→ Try it
Without skipping any entry, transcribe the data word for word.

Collected data entries:
(* Let $p\ge 3$ be an odd integer, $\mu\ge 0$ and $\alpha>0$. Then for any initial data $(x_0,x_1)\in\mathbb{R}^2$ there exists a unique global solution $x\in C^2([0,\infty))$ of the initial value problem \[ x''(t)+\mu x'(t)+\alpha x(t)^p=0,\quad t>0,\qquad x(0)=x_0,\ x'(0)=x_1. \] Moreover, if $\mu>0$, there exists a constant $C_*>0$ such that this solution satisfies \[ |x(t)|\le C_*\, t^{-\frac{1}{p-1}}\quad\text{for all } t>0. \] *)

theory Defs
  imports "HOL-Analysis.Analysis"
begin

definition C2_nonneg_with :: "(real \<Rightarrow> real) \<Rightarrow> (real \<Rightarrow> real) \<Rightarrow> (real \<Rightarrow> real) \<Rightarrow> bool" where
  "C2_nonneg_with x x' x'' \<longleftrightarrow>
     (\<forall>t\<ge>0. (x has_real_derivative x' t) (at t within {0..}) \<and>
            (x' has_real_derivative x'' t) (at t within {0..})) \<and>
     continuous_on {0..} x''"

definition ivp_solution :: "real \<Rightarrow> real \<Rightarrow> nat \<Rightarrow> real \<Rightarrow> real \<Rightarrow> (real \<Rightarrow> real) \<Rightarrow> bool" where
  "ivp_solution mu alpha p x0 x1 x \<longleftrightarrow>
     (\<exists>x' x''. C2_nonneg_with x x' x'' \<and>
        (\<forall>t>0. x'' t + mu * x' t + alpha * (x t) ^ p = 0) \<and>
        x 0 = x0 \<and> x' 0 = x1)"

end

theory Submission
  imports Defs
begin

text \<open>Existence: truncating the nonlinearity at level \<open>R\<close> gives a globally Lipschitz system,
  solved by Picard iteration. The energy \<open>E = x'^2/2 + \<alpha> x^(p+1)/(p+1)\<close> is nonincreasing
  along solutions, so for \<open>R\<close> large in terms of the initial energy the truncated solution never
  reaches the cut-off and solves the original equation. Uniqueness follows from a Gronwall
  argument for the squared distance of two solutions in phase space, using that \<open>x^p\<close> is
  Lipschitz on the bounded range of both solutions.

  Decay: for \<open>\<mu> > 0\<close> the perturbed energy \<open>H = E + \<delta> x^p x'\<close> with small \<open>\<delta> > 0\<close> is comparable
  to \<open>E\<close> and satisfies \<open>H' \<le> -m (x'^2 + x^(2p))\<close>. Since \<open>H^(1+\<theta>) \<lesssim> x'^2 + x^(2p)\<close> with
  \<open>\<theta> = (p-1)/(p+1)\<close>, this gives \<open>H' \<le> -\<kappa> H^(1+\<theta>)\<close>, hence \<open>H(t) \<lesssim> t^(-1/\<theta>)\<close>, and
  \<open>|x|^(p+1) \<lesssim> H\<close> yields \<open>|x(t)| \<lesssim> t^(-1/(p-1))\<close>.\<close>

section \<open>Global solutions of Lipschitz autonomous systems\<close>

primrec picard_iter :: "('a::banach \<Rightarrow> 'a) \<Rightarrow> 'a \<Rightarrow> nat \<Rightarrow> real \<Rightarrow> 'a" where
  "picard_iter F y0 0 = (\<lambda>t. y0)"
| "picard_iter F y0 (Suc n) = (\<lambda>t. y0 + integral {0..t} (\<lambda>s. F (picard_iter F y0 n s)))"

→ Answer box
(* Let $p\ge 3$ be an odd integer, $\mu\ge 0$ and $\alpha>0$. Then for any initial data $(x_0,x_1)\in\mathbb{R}^2$ there exists a unique global solution $x\in C^2([0,\infty))$ of the initial value problem \[ x''(t)+\mu x'(t)+\alpha x(t)^p=0,\quad t>0,\qquad x(0)=x_0,\ x'(0)=x_1. \] Moreover, if $\mu>0$, there exists a constant $C_*>0$ such that this solution satisfies \[ |x(t)|\le C_*\, t^{-\frac{1}{p-1}}\quad\text{for all } t>0. \] *)

theory Defs
  imports "HOL-Analysis.Analysis"
begin

definition C2_nonneg_with :: "(real \<Rightarrow> real) \<Rightarrow> (real \<Rightarrow> real) \<Rightarrow> (real \<Rightarrow> real) \<Rightarrow> bool" where
  "C2_nonneg_with x x' x'' \<longleftrightarrow>
     (\<forall>t\<ge>0. (x has_real_derivative x' t) (at t within {0..}) \<and>
            (x' has_real_derivative x'' t) (at t within {0..})) \<and>
     continuous_on {0..} x''"

definition ivp_solution :: "real \<Rightarrow> real \<Rightarrow> nat \<Rightarrow> real \<Rightarrow> real \<Rightarrow> (real \<Rightarrow> real) \<Rightarrow> bool" where
  "ivp_solution mu alpha p x0 x1 x \<longleftrightarrow>
     (\<exists>x' x''. C2_nonneg_with x x' x'' \<and>
        (\<forall>t>0. x'' t + mu * x' t + alpha * (x t) ^ p = 0) \<and>
        x 0 = x0 \<and> x' 0 = x1)"

end

theory Submission
  imports Defs
begin

text \<open>Existence: truncating the nonlinearity at level \<open>R\<close> gives a globally Lipschitz system,
  solved by Picard iteration. The energy \<open>E = x'^2/2 + \<alpha> x^(p+1)/(p+1)\<close> is nonincreasing
  along solutions, so for \<open>R\<close> large in terms of the initial energy the truncated solution never
  reaches the cut-off and solves the original equation. Uniqueness follows from a Gronwall
  argument for the squared distance of two solutions in phase space, using that \<open>x^p\<close> is
  Lipschitz on the bounded range of both solutions.

  Decay: for \<open>\<mu> > 0\<close> the perturbed energy \<open>H = E + \<delta> x^p x'\<close> with small \<open>\<delta> > 0\<close> is comparable
  to \<open>E\<close> and satisfies \<open>H' \<le> -m (x'^2 + x^(2p))\<close>. Since \<open>H^(1+\<theta>) \<lesssim> x'^2 + x^(2p)\<close> with
  \<open>\<theta> = (p-1)/(p+1)\<close>, this gives \<open>H' \<le> -\<kappa> H^(1+\<theta>)\<close>, hence \<open>H(t) \<lesssim> t^(-1/\<theta>)\<close>, and
  \<open>|x|^(p+1) \<lesssim> H\<close> yields \<open>|x(t)| \<lesssim> t^(-1/(p-1))\<close>.\<close>

section \<open>Global solutions of Lipschitz autonomous systems\<close>

primrec picard_iter :: "('a::banach \<Rightarrow> 'a) \<Rightarrow> 'a \<Rightarrow> nat \<Rightarrow> real \<Rightarrow> 'a" where
  "picard_iter F y0 0 = (\<lambda>t. y0)"
| "picard_iter F y0 (Suc n) = (\<lambda>t. y0 + integral {0..t} (\<lambda>s. F (picard_iter F y0 n s)))"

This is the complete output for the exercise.